TASK DATA:
(* Let $n\ge2$, $\lambda>0$, and $\rho=(\rho_1,\dots,\rho_n)^\top\in(0,1)^n$ with $\sum_{j=1}^n\rho_j=1$. Let $\mathbf{A}=\rho\otimes(1,\dots,1)-\mathbf{I}\in\mathbb{R}^{n\times n}$ and consider $\frac{\mathrm{d}}{\mathrm{d}t}f=2\lambda\mathbf{A}f$, $f(0)=f^I\in\mathbb{R}^n$, with steady state $f^\infty=\rho$. Let $\psi\in C^2(J)$ be a convex entropy generator such that, for some $\mu>0$ and all $u=(u_1,\dots,u_n)^\top\in[0,1]^n$ with $\sum_j u_j=1$, $$\sum_{j=1}^n\psi''\Big(\frac{u_j}{\rho_j}\Big)\frac{1}{\rho_j}(\rho_j-u_j)^2\ \ge\ \frac{\mu}{2\lambda}\sum_{j=1}^n\psi'\Big(\frac{u_j}{\rho_j}\Big)(u_j-\rho_j).$$ Then for all non-negative normalized initial data $f^I$ (i.e. $f^I_j\ge0$, $\sum_jf^I_j=1$) the solution satisfies $$I_\psi(f(t)|f^\infty)\le e^{-(2\lambda+\mu)t}I_\psi(f^I|f^\infty),\qquad e_\psi(f(t)|f^\infty)\le e^{-(2\lambda+\mu)t}e_\psi(f^I|f^\infty),\qquad t\ge0.$$
   Context: $J$ is $\mathbb{R}^+$ or $\mathbb{R}$. An entropy generator is a function $\psi\in C(\bar J)\cap C^2(J)$ with $\psi(1)=0$, $\psi\ge0$, $\psi''\ge0$ on $J$. The relative entropy is $e_\psi(f|f^\infty)=\sum_{j=1}^n\psi(f_j/f^\infty_j)f^\infty_j$ and the Fisher information is $I_\psi(f|f^\infty)=\sum_{j=1}^n\psi'(f_j/f^\infty_j)\,2\lambda\,(f_j-f^\infty_j)$ (so that $\frac{\mathrm{d}}{\mathrm{d}t}e_\psi(f(t)|f^\infty)=-I_\psi(f(t)|f^\infty)$). *)

theory Defs
  imports "HOL-Analysis.Analysis"
begin

definition rel_entropy :: "(real \<Rightarrow> real) \<Rightarrow> real^'n \<Rightarrow> real^'n \<Rightarrow> real" where
  "rel_entropy psi f finf = (\<Sum>j\<in>UNIV. psi (f$j / finf$j) * finf$j)"

definition fisher_info :: "(real \<Rightarrow> real) \<Rightarrow> real \<Rightarrow> real^'n \<Rightarrow> real^'n \<Rightarrow> real" where
  "fisher_info psi lam f finf = (\<Sum>j\<in>UNIV. deriv psi (f$j / finf$j) * (2 * lam) * (f$j - finf$j))"

definition matA :: "real^'n \<Rightarrow> real^'n^'n" where
  "matA rho = (\<chi> i j. rho$i - (if i = j then 1 else 0))"

end

theory Submission
  imports Defs
begin

text \<open>
  The solution is f(t) = \<rho> + s (fI - \<rho>) with s = exp (-2 \<lambda> t), so entropy and Fisher
  information are functions of s \<in> (0,1] along the segment from \<rho> to fI. Write E(s) for the
  entropy and F = E' for its slope; then I(f(t)) = 2 \<lambda> s F(s), and the hypothesis on \<psi>,
  applied at the point of the segment, reads s F'(s) \<ge> a F(s) with a = \<mu> / (2 \<lambda>). Hence
  s F(s) / s^(1 + a) is nondecreasing; so is E(s) / s^(1 + a), because s F(s) - (1 + a) E(s)
  vanishes at s = 0 and has derivative s F' - a F \<ge> 0. Comparing s with 1 gives the factor
  s^(1 + a) = exp (-(2 \<lambda> + \<mu>) t).
\<close>

lemma matA_mult_vec: "matA rho *v v = (\<Sum>j\<in>UNIV. v$j) *\<^sub>R rho - v"
proof (rule vec_eq_iff[THEN iffD2], intro allI)
  fix i
  have "(matA rho *v v) $ i = (\<Sum>j\<in>UNIV. (rho$i - (if i = j then 1 else 0)) * v$j)"
    by (simp add: matA_def matrix_vector_mult_def)
  also have "\<dots> = (\<Sum>j\<in>UNIV. rho$i * v$j) - (\<Sum>j\<in>UNIV. if i = j then v$j else 0)"
    by (subst sum_subtractf[symmetric], rule sum.cong) (auto simp: left_diff_distrib)
  finally show "(matA rho *v v) $ i = ((\<Sum>j\<in>UNIV. v$j) *\<^sub>R rho - v) $ i"
    by (simp add: sum_distrib_left[symmetric] mult.commute)
qed

lemma matA_ode_mass_conserved:
  fixes rho :: "real^'n" and f :: "real \<Rightarrow> real^'n"
  assumes rho_sum: "(\<Sum>j\<in>UNIV. rho$j) = 1"
    and f_ode: "\<forall>t\<ge>0. (f has_vector_derivative ((2 * lam) *\<^sub>R (matA rho *v f t))) (at t within {0..})"
    and "t \<ge> 0"
  shows "(\<Sum>j\<in>UNIV. f t $ j) = (\<Sum>j\<in>UNIV. f 0 $ j)"
proof -
  let ?mass = "\<lambda>v::real^'n. \<Sum>j\<in>UNIV. v$j"
  have mass_linear: "bounded_linear ?mass"
    by (intro bounded_linear_sum bounded_linear_vec_nth)
  have mass_A: "?mass (matA rho *v v) = 0" for v
    by (simp add: matA_mult_vec sum_subtractf sum_distrib_left[symmetric] rho_sum)
  have "((\<lambda>t. ?mass (f t)) has_vector_derivative 0) (at t within {0..})" if "t \<ge> 0" for t
    using bounded_linear.has_vector_derivative[OF mass_linear f_ode[rule_format, OF that]]
    by (simp add: sum_distrib_left[symmetric] mass_A)
  then obtain c where "\<And>t. t \<in> {0..} \<Longrightarrow> ?mass (f t) = c"
    by (rule has_vector_derivative_zero_constant[OF convex_real_interval(1)]) auto
  then show ?thesis using \<open>t \<ge> 0\<close> by simp
qed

WHAT NEEDS TO BE DONE:
Your answer must be a single number: the count of lines in the records above that contain "proof".

RESPONSE TO THE TASK:
2